#### Work to be completed:
Copy every line of the data in which the word "length" occurs.
[Records shown]
(* Every odd wheel is cycle-extendable.
   Context: An odd wheel is obtained from an odd cycle $u_0u_1\cdots u_{2k}u_0$ ($k\ge1$) by adding a new vertex $h$ and the edges $hu_i$ for all $i$. A matching covered graph (connected, at least two vertices, every edge in a perfect matching) is cycle-extendable if for every even cycle $C$ the graph $G-V(C)$ has a perfect matching. *)

theory Defs
  imports Main
begin

definition simple_graph :: "'a set \<Rightarrow> 'a set set \<Rightarrow> bool" where
  "simple_graph V E \<longleftrightarrow> finite V \<and> (\<forall>e\<in>E. \<exists>x y. x \<noteq> y \<and> x \<in> V \<and> y \<in> V \<and> e = {x, y})"

definition perfect_matching :: "'a set \<Rightarrow> 'a set set \<Rightarrow> 'a set set \<Rightarrow> bool" where
  "perfect_matching V E M \<longleftrightarrow> M \<subseteq> E \<and> (\<forall>v\<in>V. \<exists>!e. e \<in> M \<and> v \<in> e)"

definition has_perfect_matching :: "'a set \<Rightarrow> 'a set set \<Rightarrow> bool" where
  "has_perfect_matching V E \<longleftrightarrow> (\<exists>M. perfect_matching V E M)"

definition del_verts_V :: "'a set \<Rightarrow> 'a set \<Rightarrow> 'a set" where
  "del_verts_V V S = V - S"

definition del_verts_E :: "'a set set \<Rightarrow> 'a set \<Rightarrow> 'a set set" where
  "del_verts_E E S = {e \<in> E. e \<inter> S = {}}"

definition connected_graph :: "'a set \<Rightarrow> 'a set set \<Rightarrow> bool" where
  "connected_graph V E \<longleftrightarrow> (\<forall>x\<in>V. \<forall>y\<in>V. (\<lambda>a b. {a, b} \<in> E)\<^sup>*\<^sup>* x y)"

definition matching_covered :: "'a set \<Rightarrow> 'a set set \<Rightarrow> bool" where
  "matching_covered V E \<longleftrightarrow> simple_graph V E \<and> connected_graph V E \<and> card V \<ge> 2 \<and>
     (\<forall>e\<in>E. \<exists>M. perfect_matching V E M \<and> e \<in> M)"

definition is_cycle :: "'a set set \<Rightarrow> 'a list \<Rightarrow> bool" where
  "is_cycle E vs \<longleftrightarrow> length vs \<ge> 3 \<and> distinct vs \<and>
     (\<forall>i < length vs. {vs ! i, vs ! ((i + 1) mod length vs)} \<in> E)"

definition cycle_extendable :: "'a set \<Rightarrow> 'a set set \<Rightarrow> bool" where
  "cycle_extendable V E \<longleftrightarrow> matching_covered V E \<and>
     (\<forall>vs. is_cycle E vs \<and> even (length vs) \<longrightarrow>
        has_perfect_matching (del_verts_V V (set vs)) (del_verts_E E (set vs)))"

text \<open>Odd wheel: rim cycle u_0 ... u_{2k} (k \<ge> 1) plus hub h adjacent to all u_i.\<close>
definition odd_wheel :: "'a set \<Rightarrow> 'a set set \<Rightarrow> bool" where
  "odd_wheel V E \<longleftrightarrow> (\<exists>k::nat. k \<ge> 1 \<and> (\<exists>h u.
     inj_on u {0..2*k} \<and> h \<notin> u ` {0..2*k} \<and>
     V = insert h (u ` {0..2*k}) \<and>
     E = {{u i, u ((i + 1) mod (2*k+1))} | i. i \<le> 2*k} \<union> {{h, u i} | i. i \<le> 2*k}))"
[/Records shown]
#### Answer for the task:
  "is_cycle E vs \<longleftrightarrow> length vs \<ge> 3 \<and> distinct vs \<and>
     (\<forall>i < length vs. {vs ! i, vs ! ((i + 1) mod length vs)} \<in> E)"
     (\<forall>vs. is_cycle E vs \<and> even (length vs) \<longrightarrow>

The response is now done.